→ WORK INSTRUCTIONS
Below are the records; copy exactly the stretch from the line containing "by (rule eq_matI)" through the line containing "ipoly) ^ i dvd", both ends included, and nothing else.

→ Data items

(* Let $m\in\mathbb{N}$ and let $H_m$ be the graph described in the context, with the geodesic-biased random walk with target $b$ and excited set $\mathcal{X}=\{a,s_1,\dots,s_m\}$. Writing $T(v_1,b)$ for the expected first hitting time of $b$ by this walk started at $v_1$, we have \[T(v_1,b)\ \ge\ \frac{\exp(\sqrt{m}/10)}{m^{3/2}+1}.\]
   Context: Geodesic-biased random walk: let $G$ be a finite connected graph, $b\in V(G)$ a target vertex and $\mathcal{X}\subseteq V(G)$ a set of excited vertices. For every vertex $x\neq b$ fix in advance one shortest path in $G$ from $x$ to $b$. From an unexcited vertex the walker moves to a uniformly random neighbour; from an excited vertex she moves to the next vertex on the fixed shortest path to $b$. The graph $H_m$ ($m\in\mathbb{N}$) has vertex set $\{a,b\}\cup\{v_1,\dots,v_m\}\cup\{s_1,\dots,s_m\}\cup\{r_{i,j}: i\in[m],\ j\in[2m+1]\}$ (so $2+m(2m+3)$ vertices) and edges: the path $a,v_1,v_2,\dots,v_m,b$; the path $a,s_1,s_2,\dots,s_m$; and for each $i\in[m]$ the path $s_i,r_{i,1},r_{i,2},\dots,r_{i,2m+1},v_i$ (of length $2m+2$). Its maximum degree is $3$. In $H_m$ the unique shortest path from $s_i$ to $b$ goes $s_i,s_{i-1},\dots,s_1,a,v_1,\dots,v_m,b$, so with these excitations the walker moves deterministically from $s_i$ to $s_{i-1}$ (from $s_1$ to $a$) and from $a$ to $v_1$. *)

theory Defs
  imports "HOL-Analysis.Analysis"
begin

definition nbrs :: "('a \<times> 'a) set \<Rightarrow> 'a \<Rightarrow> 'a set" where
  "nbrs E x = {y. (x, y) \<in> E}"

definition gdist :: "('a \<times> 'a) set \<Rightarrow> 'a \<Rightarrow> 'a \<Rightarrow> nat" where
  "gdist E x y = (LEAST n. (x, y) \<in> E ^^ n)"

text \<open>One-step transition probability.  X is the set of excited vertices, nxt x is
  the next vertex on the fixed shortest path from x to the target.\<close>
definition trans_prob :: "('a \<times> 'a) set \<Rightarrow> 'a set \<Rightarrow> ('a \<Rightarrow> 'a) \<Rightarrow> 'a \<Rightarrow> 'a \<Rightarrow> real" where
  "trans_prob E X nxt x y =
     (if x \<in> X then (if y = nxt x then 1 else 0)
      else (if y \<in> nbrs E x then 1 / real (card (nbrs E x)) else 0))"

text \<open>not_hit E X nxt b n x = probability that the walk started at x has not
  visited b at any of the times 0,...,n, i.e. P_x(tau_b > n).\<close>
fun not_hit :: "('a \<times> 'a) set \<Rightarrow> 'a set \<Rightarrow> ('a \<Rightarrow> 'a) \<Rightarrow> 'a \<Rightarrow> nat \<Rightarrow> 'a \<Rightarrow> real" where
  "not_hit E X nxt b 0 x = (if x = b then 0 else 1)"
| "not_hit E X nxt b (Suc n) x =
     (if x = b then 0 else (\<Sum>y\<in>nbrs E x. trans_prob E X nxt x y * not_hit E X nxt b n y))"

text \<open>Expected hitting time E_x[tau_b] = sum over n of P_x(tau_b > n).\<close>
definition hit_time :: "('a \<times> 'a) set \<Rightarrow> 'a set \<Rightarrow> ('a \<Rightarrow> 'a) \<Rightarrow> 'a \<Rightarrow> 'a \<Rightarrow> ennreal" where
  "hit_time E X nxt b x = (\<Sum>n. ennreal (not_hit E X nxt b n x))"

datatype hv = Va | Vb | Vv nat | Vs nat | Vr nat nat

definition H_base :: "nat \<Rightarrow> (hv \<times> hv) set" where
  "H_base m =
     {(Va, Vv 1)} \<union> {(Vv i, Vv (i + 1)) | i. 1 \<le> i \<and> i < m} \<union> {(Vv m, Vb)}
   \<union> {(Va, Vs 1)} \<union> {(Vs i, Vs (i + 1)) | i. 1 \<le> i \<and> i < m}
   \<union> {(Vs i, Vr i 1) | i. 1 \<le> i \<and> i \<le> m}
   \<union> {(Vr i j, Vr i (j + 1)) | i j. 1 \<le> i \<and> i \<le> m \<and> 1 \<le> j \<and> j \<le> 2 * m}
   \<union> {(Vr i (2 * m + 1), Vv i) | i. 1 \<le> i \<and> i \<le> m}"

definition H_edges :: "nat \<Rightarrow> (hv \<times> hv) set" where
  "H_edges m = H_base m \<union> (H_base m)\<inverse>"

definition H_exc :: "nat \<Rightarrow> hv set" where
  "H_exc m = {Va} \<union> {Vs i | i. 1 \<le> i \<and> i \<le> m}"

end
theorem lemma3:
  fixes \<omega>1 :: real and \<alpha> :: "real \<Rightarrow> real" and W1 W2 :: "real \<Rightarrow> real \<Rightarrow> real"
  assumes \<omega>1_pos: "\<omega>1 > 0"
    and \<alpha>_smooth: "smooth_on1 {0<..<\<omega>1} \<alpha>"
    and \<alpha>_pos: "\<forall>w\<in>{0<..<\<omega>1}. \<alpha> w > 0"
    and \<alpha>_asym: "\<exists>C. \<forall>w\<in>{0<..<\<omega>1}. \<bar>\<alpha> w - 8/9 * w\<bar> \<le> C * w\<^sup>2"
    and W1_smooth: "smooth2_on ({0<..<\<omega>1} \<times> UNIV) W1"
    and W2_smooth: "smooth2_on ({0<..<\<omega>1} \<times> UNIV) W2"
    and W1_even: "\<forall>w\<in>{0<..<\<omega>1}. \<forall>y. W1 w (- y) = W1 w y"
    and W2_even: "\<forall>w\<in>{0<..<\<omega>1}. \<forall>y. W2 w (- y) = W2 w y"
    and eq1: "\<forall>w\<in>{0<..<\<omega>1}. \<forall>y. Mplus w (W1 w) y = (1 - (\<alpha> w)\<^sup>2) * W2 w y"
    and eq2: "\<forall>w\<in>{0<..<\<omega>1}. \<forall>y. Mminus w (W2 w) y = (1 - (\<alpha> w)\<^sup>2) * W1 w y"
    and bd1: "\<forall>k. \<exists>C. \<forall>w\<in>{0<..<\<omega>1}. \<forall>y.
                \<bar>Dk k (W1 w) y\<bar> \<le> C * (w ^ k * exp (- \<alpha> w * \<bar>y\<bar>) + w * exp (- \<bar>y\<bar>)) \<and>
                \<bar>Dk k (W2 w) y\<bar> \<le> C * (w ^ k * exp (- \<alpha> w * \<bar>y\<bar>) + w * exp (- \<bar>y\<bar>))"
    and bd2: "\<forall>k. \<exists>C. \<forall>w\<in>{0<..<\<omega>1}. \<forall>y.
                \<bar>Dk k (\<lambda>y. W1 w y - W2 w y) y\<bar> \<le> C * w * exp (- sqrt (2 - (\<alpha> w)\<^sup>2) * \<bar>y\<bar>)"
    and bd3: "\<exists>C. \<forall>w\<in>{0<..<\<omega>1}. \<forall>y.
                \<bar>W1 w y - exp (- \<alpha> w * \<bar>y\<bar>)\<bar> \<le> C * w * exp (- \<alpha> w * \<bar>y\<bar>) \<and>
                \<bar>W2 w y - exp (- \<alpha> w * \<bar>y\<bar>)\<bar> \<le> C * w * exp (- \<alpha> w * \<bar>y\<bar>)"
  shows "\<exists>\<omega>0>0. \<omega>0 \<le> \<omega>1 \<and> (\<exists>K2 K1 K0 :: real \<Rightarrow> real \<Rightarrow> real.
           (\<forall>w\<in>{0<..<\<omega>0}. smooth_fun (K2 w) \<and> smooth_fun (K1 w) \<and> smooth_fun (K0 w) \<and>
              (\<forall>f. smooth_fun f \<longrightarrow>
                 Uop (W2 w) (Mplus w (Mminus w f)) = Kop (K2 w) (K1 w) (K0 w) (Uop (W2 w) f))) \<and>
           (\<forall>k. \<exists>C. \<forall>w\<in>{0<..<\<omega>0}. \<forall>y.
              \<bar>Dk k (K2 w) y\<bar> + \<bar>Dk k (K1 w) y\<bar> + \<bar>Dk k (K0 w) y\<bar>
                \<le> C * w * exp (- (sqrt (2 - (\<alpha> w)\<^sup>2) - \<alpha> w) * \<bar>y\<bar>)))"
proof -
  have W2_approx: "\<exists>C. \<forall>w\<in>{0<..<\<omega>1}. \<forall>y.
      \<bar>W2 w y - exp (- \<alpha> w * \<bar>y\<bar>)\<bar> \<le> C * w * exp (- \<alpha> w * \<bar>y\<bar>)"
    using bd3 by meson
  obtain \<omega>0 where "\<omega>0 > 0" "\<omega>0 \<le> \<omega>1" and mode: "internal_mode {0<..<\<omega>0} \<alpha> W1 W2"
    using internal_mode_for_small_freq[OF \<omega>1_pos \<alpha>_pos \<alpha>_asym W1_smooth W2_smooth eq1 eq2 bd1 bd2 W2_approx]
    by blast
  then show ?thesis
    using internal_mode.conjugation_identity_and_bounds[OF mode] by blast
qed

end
==
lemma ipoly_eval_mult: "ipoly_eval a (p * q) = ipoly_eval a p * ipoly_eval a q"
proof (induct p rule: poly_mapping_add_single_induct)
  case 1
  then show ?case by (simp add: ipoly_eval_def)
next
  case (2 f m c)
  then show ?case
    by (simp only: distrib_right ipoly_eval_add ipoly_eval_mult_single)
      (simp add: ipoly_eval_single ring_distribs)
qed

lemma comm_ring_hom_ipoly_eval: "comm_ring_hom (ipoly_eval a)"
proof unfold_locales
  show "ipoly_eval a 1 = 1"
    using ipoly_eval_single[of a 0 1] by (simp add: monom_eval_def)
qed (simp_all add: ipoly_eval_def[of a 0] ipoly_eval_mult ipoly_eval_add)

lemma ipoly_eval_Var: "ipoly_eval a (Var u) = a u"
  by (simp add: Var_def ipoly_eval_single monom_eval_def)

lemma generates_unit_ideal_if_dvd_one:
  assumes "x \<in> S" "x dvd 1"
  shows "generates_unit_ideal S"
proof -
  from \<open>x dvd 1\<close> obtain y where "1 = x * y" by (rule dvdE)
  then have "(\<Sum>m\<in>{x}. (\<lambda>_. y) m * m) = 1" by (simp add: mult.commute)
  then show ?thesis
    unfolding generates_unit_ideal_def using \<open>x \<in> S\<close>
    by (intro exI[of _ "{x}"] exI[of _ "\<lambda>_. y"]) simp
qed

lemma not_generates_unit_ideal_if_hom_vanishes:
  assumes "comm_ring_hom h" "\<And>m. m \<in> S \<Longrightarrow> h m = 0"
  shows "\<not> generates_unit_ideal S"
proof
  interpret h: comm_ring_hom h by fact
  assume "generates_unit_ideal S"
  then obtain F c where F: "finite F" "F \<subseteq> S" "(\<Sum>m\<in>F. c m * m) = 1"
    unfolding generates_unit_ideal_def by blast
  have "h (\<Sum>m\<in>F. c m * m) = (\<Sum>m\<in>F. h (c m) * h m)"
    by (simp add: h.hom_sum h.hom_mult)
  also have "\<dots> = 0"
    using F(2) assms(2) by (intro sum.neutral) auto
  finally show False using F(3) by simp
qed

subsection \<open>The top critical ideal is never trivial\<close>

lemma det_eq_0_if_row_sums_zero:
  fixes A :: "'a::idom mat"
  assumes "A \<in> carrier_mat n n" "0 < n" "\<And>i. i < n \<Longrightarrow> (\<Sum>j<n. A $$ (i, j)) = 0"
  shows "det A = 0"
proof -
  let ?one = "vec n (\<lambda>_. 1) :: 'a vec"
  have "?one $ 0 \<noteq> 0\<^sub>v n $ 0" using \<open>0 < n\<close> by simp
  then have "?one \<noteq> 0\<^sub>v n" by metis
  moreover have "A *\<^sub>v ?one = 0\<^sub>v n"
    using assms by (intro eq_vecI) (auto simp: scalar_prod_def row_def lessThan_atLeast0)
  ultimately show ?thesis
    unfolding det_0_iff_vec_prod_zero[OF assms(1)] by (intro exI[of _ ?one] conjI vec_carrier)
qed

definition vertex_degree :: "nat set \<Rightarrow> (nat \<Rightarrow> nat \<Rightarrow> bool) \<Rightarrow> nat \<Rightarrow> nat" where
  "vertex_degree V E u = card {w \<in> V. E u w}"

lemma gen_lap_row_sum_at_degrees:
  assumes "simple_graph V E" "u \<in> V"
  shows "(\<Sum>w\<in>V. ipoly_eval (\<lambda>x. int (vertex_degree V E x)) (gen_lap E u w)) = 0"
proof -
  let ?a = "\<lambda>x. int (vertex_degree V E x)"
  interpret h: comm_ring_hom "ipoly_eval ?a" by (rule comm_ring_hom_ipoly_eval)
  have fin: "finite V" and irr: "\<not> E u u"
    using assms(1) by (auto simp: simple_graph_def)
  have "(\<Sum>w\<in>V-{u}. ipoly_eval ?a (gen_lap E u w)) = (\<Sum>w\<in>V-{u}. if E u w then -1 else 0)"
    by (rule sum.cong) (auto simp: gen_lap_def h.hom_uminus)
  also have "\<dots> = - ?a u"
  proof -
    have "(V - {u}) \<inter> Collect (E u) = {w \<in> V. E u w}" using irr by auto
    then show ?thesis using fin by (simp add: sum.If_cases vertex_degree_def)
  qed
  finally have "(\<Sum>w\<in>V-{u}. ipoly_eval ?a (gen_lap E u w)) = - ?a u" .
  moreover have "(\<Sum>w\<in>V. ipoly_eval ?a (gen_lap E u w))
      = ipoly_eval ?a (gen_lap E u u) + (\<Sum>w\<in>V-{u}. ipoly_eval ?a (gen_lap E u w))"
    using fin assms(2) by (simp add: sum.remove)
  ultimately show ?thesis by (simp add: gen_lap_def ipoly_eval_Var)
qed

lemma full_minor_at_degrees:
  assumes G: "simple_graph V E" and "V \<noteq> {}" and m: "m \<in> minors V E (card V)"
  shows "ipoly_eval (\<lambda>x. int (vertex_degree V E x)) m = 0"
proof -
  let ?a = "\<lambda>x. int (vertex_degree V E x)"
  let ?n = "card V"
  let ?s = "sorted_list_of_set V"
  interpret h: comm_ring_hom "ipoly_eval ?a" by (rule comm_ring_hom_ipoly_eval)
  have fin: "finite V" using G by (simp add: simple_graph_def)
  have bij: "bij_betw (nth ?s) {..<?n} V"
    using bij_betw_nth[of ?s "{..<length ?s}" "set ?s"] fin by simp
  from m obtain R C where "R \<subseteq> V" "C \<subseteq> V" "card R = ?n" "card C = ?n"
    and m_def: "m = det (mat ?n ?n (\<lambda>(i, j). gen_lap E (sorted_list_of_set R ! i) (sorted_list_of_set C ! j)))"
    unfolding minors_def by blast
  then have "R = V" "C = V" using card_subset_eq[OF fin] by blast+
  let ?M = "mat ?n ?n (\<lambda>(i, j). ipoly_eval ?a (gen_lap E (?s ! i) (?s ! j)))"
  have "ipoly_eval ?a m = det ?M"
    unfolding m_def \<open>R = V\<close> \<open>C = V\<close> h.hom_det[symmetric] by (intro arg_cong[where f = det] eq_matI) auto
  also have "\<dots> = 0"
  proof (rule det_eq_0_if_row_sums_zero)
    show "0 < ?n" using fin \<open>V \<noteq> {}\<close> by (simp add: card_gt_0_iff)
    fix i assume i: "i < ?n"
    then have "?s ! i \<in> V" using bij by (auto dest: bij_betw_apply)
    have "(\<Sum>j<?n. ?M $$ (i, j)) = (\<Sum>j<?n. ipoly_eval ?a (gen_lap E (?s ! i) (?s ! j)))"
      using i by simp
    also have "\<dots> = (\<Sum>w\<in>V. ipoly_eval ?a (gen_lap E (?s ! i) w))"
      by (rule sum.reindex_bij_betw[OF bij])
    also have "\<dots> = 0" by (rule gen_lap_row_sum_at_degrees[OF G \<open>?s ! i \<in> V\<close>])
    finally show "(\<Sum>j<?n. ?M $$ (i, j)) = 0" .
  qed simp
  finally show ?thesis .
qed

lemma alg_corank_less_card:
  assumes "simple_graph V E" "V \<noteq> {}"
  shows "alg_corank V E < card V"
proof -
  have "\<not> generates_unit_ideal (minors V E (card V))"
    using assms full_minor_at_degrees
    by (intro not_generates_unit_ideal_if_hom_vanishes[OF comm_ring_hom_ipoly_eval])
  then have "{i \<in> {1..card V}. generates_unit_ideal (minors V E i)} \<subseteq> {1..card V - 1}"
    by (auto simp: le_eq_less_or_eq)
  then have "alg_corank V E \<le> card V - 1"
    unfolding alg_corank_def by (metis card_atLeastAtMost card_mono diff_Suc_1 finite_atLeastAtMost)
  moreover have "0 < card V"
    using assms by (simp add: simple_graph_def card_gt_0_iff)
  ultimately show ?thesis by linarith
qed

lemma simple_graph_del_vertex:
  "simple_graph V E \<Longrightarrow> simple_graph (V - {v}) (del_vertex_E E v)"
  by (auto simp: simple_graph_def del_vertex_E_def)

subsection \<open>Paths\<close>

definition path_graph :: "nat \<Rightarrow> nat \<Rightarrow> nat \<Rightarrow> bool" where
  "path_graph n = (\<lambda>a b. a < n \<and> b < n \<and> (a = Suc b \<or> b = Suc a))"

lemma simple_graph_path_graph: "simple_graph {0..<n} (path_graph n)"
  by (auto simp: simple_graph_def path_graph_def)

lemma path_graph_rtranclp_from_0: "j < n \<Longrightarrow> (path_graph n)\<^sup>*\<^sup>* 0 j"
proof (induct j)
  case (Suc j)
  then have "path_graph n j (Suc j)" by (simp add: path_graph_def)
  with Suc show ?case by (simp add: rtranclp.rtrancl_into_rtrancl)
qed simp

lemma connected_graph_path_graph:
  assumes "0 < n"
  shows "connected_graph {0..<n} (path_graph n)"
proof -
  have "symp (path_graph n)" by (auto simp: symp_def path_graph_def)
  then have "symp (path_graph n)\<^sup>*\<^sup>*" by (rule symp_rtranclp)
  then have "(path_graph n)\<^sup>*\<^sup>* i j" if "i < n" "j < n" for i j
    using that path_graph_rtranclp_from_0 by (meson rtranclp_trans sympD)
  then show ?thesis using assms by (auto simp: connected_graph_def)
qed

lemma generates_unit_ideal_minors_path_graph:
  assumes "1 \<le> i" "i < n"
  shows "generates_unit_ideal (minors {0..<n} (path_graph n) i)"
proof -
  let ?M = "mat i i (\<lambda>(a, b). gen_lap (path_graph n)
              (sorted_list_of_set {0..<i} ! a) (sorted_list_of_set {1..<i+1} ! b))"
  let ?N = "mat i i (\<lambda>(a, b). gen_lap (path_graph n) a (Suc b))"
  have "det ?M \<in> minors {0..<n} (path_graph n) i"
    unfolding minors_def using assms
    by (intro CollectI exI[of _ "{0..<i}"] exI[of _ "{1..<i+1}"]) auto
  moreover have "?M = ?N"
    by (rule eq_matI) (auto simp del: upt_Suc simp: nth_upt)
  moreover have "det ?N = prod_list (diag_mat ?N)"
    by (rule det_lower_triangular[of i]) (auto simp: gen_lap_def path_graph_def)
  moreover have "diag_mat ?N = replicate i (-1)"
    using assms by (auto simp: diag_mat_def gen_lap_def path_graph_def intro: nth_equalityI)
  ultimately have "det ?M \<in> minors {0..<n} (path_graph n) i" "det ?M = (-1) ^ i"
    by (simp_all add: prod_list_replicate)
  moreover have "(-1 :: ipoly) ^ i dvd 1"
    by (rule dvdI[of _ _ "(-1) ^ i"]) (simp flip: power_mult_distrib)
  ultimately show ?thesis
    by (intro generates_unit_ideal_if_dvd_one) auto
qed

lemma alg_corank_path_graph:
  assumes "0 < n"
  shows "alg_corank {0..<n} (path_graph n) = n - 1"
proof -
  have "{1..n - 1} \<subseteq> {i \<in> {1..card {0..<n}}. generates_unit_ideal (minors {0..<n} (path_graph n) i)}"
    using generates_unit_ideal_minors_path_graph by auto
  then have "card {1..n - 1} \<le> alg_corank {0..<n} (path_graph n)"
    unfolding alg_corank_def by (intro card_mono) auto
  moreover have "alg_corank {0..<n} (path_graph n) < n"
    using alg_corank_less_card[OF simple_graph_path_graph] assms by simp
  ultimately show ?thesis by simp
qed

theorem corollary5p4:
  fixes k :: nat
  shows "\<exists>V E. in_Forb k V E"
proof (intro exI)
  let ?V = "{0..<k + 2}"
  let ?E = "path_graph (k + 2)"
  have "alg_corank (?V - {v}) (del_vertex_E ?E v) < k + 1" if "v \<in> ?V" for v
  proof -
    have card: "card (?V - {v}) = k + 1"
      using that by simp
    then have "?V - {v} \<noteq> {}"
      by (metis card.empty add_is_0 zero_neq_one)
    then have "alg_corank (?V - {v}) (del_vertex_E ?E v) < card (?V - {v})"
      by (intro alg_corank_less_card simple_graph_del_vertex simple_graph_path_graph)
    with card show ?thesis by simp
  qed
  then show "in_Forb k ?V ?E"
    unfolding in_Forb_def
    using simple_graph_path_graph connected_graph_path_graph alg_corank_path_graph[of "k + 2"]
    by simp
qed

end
--
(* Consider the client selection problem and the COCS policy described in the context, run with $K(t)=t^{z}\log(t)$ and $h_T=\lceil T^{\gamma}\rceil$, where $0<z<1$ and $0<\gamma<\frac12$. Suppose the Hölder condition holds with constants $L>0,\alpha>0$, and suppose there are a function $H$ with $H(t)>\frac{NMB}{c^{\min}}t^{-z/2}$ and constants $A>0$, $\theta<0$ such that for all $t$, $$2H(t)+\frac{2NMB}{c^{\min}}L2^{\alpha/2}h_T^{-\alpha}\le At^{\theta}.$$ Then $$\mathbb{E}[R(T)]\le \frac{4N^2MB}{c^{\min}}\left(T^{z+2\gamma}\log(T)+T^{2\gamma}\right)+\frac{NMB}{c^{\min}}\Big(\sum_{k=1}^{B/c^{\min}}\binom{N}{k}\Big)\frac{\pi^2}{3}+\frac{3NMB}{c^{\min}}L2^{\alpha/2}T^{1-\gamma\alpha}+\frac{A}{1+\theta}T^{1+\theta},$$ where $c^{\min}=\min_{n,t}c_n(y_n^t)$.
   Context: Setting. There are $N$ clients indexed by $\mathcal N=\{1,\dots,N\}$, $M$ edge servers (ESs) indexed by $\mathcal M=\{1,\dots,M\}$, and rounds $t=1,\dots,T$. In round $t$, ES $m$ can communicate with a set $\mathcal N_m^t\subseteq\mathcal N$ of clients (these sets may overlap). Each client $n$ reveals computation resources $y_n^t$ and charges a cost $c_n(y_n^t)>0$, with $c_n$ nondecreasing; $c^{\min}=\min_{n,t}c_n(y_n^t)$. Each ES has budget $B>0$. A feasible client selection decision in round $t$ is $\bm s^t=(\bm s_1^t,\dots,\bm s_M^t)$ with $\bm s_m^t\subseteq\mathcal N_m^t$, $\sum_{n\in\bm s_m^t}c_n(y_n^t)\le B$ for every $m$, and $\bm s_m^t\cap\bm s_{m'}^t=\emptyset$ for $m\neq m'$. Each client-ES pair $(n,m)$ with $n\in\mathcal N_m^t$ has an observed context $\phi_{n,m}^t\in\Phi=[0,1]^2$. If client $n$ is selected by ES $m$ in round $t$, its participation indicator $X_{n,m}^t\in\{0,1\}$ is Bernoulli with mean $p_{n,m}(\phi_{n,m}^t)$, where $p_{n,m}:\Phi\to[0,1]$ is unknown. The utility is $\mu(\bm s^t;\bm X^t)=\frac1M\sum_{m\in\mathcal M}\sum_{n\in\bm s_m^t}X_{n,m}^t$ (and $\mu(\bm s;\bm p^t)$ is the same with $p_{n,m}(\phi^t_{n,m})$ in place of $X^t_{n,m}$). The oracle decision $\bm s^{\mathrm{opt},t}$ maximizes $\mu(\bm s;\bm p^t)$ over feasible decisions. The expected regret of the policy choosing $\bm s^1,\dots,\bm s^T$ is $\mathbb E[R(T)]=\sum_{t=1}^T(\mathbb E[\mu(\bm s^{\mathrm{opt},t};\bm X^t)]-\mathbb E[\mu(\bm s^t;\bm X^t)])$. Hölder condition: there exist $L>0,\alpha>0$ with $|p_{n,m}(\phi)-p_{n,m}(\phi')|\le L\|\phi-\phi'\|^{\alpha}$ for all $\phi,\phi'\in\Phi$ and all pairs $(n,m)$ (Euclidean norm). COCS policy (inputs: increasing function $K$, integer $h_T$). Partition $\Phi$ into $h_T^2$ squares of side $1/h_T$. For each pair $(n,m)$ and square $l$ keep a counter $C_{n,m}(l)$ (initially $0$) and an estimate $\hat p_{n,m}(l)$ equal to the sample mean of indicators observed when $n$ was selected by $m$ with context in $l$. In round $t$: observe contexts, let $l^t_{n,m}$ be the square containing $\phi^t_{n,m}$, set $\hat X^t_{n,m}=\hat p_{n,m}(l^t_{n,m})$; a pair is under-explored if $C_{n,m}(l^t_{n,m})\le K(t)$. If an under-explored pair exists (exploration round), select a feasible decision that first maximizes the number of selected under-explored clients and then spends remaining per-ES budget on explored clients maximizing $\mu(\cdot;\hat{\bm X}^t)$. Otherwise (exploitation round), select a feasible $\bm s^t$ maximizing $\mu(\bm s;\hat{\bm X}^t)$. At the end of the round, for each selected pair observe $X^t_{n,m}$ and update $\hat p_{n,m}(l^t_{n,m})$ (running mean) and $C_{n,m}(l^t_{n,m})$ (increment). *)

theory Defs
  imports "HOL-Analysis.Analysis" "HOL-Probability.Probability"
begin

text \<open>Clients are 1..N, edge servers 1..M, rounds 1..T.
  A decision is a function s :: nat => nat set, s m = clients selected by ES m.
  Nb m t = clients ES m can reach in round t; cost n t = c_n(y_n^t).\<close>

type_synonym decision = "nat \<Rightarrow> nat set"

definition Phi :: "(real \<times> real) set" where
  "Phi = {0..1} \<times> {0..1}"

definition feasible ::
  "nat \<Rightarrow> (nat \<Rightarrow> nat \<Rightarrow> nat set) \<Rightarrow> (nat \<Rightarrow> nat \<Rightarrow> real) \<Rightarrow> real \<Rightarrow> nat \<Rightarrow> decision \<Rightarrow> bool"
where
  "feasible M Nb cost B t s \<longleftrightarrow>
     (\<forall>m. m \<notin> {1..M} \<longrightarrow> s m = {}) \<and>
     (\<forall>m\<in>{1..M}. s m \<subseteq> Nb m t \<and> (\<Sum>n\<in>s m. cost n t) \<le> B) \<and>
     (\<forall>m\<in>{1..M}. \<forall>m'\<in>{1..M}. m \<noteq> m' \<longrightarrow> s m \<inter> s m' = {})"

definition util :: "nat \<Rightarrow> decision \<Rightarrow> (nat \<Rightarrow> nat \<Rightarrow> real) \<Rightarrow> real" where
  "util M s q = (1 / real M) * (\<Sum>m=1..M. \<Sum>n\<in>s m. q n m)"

→ YOUR SOLUTION
    by (rule eq_matI) (auto simp del: upt_Suc simp: nth_upt)
  moreover have "det ?N = prod_list (diag_mat ?N)"
    by (rule det_lower_triangular[of i]) (auto simp: gen_lap_def path_graph_def)
  moreover have "diag_mat ?N = replicate i (-1)"
    using assms by (auto simp: diag_mat_def gen_lap_def path_graph_def intro: nth_equalityI)
  ultimately have "det ?M \<in> minors {0..<n} (path_graph n) i" "det ?M = (-1) ^ i"
    by (simp_all add: prod_list_replicate)
  moreover have "(-1 :: ipoly) ^ i dvd 1"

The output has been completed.